What to do
For the entries below, report the number of lines containing "maps", without any other content.

Given entries

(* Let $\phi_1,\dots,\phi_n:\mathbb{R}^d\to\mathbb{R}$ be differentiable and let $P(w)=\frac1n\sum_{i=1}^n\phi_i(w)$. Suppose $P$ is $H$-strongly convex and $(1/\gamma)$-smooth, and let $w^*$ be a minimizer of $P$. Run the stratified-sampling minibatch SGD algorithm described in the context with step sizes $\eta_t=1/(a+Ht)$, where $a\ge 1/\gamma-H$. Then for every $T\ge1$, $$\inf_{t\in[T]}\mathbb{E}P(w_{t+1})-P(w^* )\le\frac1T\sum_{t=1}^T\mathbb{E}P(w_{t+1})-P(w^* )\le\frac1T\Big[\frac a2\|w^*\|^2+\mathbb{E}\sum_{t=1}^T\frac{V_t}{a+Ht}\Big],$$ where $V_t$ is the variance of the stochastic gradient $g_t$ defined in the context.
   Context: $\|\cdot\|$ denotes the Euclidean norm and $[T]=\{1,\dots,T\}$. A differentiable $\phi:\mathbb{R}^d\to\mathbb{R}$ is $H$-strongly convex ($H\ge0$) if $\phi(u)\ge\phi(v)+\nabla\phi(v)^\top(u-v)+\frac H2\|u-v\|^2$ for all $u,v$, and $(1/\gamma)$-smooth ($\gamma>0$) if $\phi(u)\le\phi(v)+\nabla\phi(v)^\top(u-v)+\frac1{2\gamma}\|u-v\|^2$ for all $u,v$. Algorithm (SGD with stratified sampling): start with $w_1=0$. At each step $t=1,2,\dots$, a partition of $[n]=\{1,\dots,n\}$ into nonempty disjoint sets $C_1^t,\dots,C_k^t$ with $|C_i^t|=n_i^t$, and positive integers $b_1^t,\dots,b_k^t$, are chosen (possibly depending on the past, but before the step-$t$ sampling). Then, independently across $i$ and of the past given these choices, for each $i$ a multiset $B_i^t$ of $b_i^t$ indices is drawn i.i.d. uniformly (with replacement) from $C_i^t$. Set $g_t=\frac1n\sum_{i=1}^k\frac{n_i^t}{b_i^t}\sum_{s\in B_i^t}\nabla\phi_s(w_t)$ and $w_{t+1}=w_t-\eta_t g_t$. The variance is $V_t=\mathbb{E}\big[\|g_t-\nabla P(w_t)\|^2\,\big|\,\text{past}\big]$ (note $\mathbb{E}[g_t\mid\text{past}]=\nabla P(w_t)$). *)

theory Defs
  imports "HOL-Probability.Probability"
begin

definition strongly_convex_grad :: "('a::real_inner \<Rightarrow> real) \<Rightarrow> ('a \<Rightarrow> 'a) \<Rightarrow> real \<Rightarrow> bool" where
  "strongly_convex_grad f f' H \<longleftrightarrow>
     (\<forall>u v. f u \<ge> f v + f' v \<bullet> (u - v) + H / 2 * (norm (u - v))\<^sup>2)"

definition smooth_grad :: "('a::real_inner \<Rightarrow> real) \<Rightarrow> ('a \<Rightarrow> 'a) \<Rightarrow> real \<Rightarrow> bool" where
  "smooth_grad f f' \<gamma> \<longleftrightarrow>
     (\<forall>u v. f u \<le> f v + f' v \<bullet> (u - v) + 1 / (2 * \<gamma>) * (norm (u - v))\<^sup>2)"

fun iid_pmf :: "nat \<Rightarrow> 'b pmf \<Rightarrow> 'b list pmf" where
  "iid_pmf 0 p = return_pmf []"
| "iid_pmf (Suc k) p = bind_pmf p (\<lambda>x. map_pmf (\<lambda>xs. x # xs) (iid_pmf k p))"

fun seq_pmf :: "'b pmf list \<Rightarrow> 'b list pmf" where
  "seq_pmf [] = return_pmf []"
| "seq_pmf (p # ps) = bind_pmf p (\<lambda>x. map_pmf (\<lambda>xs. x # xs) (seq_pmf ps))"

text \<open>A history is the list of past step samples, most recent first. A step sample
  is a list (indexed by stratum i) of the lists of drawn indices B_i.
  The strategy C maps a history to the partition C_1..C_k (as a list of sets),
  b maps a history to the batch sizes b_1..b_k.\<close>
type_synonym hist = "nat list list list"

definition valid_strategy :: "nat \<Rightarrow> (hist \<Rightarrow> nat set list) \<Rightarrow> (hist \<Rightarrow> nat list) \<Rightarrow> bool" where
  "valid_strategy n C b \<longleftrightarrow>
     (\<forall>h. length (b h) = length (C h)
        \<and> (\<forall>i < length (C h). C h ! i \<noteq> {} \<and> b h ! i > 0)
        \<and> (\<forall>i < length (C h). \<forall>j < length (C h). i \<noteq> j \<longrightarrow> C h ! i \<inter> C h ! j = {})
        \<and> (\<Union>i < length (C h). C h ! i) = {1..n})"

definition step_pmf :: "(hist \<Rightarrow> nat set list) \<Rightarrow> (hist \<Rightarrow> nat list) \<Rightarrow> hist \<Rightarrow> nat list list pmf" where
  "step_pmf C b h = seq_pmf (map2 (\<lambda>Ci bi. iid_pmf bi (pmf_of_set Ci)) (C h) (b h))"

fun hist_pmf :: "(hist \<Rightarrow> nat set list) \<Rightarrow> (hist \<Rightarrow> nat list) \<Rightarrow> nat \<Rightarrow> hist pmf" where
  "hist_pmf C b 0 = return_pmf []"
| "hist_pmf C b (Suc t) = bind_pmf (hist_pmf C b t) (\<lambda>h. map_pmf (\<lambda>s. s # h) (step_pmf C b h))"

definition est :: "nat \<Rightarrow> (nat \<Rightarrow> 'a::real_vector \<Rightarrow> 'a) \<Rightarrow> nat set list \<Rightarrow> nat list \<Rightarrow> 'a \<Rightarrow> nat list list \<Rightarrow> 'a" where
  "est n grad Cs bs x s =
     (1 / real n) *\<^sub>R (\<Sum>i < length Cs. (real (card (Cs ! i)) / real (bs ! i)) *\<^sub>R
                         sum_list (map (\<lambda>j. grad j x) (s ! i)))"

--

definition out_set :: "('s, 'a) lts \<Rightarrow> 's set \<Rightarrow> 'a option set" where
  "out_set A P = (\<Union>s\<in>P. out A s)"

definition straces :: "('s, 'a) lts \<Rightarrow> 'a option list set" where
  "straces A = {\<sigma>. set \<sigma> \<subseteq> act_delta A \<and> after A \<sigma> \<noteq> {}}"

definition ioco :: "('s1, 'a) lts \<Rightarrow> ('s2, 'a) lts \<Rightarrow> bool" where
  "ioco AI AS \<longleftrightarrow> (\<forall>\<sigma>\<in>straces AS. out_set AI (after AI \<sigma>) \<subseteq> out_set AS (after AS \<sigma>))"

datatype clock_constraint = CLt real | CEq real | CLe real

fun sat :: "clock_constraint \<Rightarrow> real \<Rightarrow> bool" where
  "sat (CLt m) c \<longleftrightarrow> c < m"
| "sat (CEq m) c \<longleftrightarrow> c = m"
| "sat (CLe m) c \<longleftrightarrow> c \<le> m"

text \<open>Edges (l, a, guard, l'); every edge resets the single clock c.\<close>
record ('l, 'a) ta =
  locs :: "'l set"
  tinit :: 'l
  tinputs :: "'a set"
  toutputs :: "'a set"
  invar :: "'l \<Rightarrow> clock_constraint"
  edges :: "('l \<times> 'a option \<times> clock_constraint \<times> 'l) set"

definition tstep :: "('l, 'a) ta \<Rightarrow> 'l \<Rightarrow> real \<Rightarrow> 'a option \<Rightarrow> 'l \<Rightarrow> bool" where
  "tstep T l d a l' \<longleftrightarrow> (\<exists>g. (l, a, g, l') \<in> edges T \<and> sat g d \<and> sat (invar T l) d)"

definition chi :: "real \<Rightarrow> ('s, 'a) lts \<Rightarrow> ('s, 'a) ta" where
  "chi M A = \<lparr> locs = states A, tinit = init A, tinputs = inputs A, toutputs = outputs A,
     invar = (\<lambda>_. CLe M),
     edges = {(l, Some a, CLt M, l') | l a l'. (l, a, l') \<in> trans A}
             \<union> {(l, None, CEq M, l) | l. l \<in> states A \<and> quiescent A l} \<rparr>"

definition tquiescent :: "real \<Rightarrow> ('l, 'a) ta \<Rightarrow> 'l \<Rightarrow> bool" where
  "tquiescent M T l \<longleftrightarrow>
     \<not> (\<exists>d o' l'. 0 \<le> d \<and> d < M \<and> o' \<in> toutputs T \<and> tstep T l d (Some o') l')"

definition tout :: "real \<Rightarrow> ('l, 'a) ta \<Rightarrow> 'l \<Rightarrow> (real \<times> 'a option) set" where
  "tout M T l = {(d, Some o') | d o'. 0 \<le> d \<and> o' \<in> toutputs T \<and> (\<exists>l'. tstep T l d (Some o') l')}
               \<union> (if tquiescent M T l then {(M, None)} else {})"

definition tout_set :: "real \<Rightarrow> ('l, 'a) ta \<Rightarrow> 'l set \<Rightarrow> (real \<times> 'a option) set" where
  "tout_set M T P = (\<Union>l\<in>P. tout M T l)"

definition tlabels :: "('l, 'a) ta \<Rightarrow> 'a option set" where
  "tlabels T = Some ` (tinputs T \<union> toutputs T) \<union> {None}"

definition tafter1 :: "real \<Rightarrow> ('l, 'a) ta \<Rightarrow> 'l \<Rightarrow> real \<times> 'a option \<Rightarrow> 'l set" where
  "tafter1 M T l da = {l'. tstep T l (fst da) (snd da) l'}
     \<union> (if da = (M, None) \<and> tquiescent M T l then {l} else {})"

---

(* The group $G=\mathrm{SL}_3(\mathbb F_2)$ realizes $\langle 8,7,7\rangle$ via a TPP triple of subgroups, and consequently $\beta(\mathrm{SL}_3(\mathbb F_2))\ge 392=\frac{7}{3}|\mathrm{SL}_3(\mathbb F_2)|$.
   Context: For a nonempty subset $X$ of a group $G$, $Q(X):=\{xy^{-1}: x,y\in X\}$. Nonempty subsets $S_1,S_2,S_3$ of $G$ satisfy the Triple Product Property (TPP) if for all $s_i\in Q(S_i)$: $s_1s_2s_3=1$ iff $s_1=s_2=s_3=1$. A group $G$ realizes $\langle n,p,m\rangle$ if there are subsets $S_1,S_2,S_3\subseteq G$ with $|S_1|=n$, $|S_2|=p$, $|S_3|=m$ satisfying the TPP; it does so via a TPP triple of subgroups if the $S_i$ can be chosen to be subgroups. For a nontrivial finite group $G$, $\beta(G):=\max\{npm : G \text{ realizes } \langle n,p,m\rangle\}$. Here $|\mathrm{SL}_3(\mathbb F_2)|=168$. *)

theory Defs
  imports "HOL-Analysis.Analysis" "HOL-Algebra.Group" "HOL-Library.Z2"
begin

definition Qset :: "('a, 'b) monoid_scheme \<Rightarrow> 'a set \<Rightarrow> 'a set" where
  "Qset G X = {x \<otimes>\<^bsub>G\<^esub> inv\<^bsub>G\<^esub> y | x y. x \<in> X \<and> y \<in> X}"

Exercise solution
2